Friday, December 19, 2008

Instant Karmic Enlightenment

I think Ram Dass (in 'Paths of God') has some important things to say concerning Jnana Yoga which are very translatable towards the Neo-advaita way or non-way, and what some call its fast food servicing of enlightenment.

The first thing is a general statement concerning intellectual spiritual practices in the west, that “we are coming out of a kind of sickness here... in the way in which we have overthought” so that “we have been intellectually way ahead of our hearts’ and bodies’ wisdom.”

I think this should serve great warning to any intellectual spiritual practice, and something that has made me stop and... think?

The second thing concerns Ramana’s practice of Self-Inquiry. He calls it a “beautiful method—if you can stand it!” Furthermore, he says, it’s a practice “that takes incredible intellectual discipline” and “the fiercest gyan method I know.”

Now, I see this as no critique of Self-Inquiry, but possibly a consideration concerning any method involving something like Instant Karmic Enlightenment.

I myself have benefited from both Sailor Bob’s method and Ramana’s practice. There have been times when I’ve known here and now what I am. But I have not yet experienced a carse-like disassociative new world order.

I’ve experienced moments. And I understand on an intellectual level. But this body-mind mechanism still feels separate most of the time, even though I know it isn’t.

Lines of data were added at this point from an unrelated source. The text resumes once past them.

lemma integral_monomial_normalized:
  assumes ms: "ms ` {1..k} \<subseteq> {1..l}"
    and deg: "q0 + (\<Sum>i\<in>{1..k}. q i + q' i) = 2 * p"
  shows "(\<integral>\<omega>. monomial_u (\<lambda>m. a m \<omega> / of_real (sqrt C)) k ms q0 q q' \<partial>M)
       = of_real ((1 / C) ^ p)
         * (\<integral>x. monomial_u (coeff_of_coords x) k ms q0 q q' \<partial>gaussian_product (coeff_index l) (coeff_sd C))"
proof -
  let ?F = "\<lambda>x. monomial_u (coeff_of_coords x) k ms q0 q q'"
  have "(1 / sqrt C) ^ (2 * p) = (1 / C) ^ p"
    using C_pos by (simp add: power_mult power_divide)
  then have "monomial_u (\<lambda>m. a m \<omega> / of_real (sqrt C)) k ms q0 q q' = of_real ((1 / C) ^ p) * ?F (coords \<omega>)"
    if "\<omega> \<in> space M" for \<omega>
    using monomial_scaled_coeffs[OF that ms deg, of "sqrt C"] by (simp only:)
  then have "(\<integral>\<omega>. monomial_u (\<lambda>m. a m \<omega> / of_real (sqrt C)) k ms q0 q q' \<partial>M)
      = (\<integral>\<omega>. of_real ((1 / C) ^ p) * ?F (coords \<omega>) \<partial>M)"
    by (intro Bochner_Integration.integral_cong) simp_all
  also have "\<dots> = of_real ((1 / C) ^ p) * (\<integral>\<omega>. ?F (coords \<omega>) \<partial>M)"
    by (rule integral_mult_right_zero)
  also have "(\<integral>\<omega>. ?F (coords \<omega>) \<partial>M) = (\<integral>x. ?F x \<partial>gaussian_product (coeff_index l) (coeff_sd C))"
    by (rule integral_coords[OF monomial_coeffs_measurable[OF ms]])
  finally show ?thesis .
qed

lemma integral_monomial_empirically_normalized:
  assumes ms: "ms ` {1..k} \<subseteq> {1..l}"
    and deg: "q0 + (\<Sum>i\<in>{1..k}. q i + q' i) = 2 * p"
  shows "(\<integral>\<omega>. monomial_u (\<lambda>m. a m \<omega> / of_real (sqrt (Chat l a \<omega>))) k ms q0 q q' \<partial>M)
       = of_real (((2 * real l + 1) / C) ^ p)
         * (\<integral>x. monomial_u (coeff_of_coords x) k ms q0 q q' / of_real (quad_form (coeff_index l) (coeff_sd C) x ^ p)
             \<partial>gaussian_product (coeff_index l) (coeff_sd C))"
proof -
  let ?F = "\<lambda>x. monomial_u (coeff_of_coords x) k ms q0 q q'" and ?Q = "quad_form (coeff_index l) (coeff_sd C)"
  have "monomial_u (\<lambda>m. a m \<omega> / of_real (sqrt (Chat l a \<omega>))) k ms q0 q q'
      = of_real (((2 * real l + 1) / C) ^ p) * (?F (coords \<omega>) / of_real (?Q (coords \<omega>) ^ p))"
    if "\<omega> \<in> space M" for \<omega>
  proof -
    have "(1 / sqrt (Chat l a \<omega>)) ^ (2 * p) = ((2 * real l + 1) / C) ^ p / ?Q (coords \<omega>) ^ p"
      using C_pos by (simp add: Chat_eq_quad_form[OF that] power_mult power_divide power_mult_distrib)
    with monomial_scaled_coeffs[OF that ms deg, of "sqrt (Chat l a \<omega>)"] show ?thesis
      by (simp only: of_real_divide times_divide_eq_left times_divide_eq_right)
  qed
  then have "(\<integral>\<omega>. monomial_u (\<lambda>m. a m \<omega> / of_real (sqrt (Chat l a \<omega>))) k ms q0 q q' \<partial>M)
      = (\<integral>\<omega>. of_real (((2 * real l + 1) / C) ^ p) * (?F (coords \<omega>) / of_real (?Q (coords \<omega>) ^ p)) \<partial>M)"
    by (intro Bochner_Integration.integral_cong) simp_all
  also have "\<dots> = of_real (((2 * real l + 1) / C) ^ p) * (\<integral>\<omega>. ?F (coords \<omega>) / of_real (?Q (coords \<omega>) ^ p) \<partial>M)"
    by (rule integral_mult_right_zero)
  also have "(\<integral>\<omega>. ?F (coords \<omega>) / of_real (?Q (coords \<omega>) ^ p) \<partial>M)
      = (\<integral>x. ?F x / of_real (?Q x ^ p) \<partial>gaussian_product (coeff_index l) (coeff_sd C))"
  proof (rule integral_coords)
    have "?F \<in> borel_measurable (PiM (coeff_index l) (\<lambda>_. borel))"
      using ms by (rule monomial_coeffs_measurable)
    then show "(\<lambda>x. ?F x / of_real (?Q x ^ p)) \<in> borel_measurable (PiM (coeff_index l) (\<lambda>_. borel))"
      by measurable
  qed
  finally show ?thesis .
qed

end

So for me, these Ram Dass comments strike exactly to the heart of things.

3 comments:

Anonymous said...

Lovely post. I don't know if this will be helpful, but here it is; I am also a practitioner of Ramana's self-inquiry. I "got" it by way of John Sherman. In my experience the blockage you describe, the feeling of knowing who/what you really are while also sometimes feeling the separate self-sense is not a problem at all. That feeling is simply part of what having a human body means. It's part of how form is playing out. If it becomes a source of second guessing one's true self then that is a fallback into delusion, but I don't think it has to be.

son rivers said...

Travis, thanks for the comment, and the help! Maybe I think it should be some constant sense of unity-bliss. Maybe I should know better than to think though. Thankfully, it's really not a source of second-guessing, although it can lead to forgetfulness. Something like Ouspensky's detour into the tobacco shop. But then I self-remember.

Anonymous said...

Yeah, I think we all have to labor under a lot of garbage about what realization, or enlightenment "should" be. One thing that helps me is the personal adage, "If realization of what is already always ever-present changes anything, that's not it." Ken Wilber put it, "That which can be deviated from is not the Tao."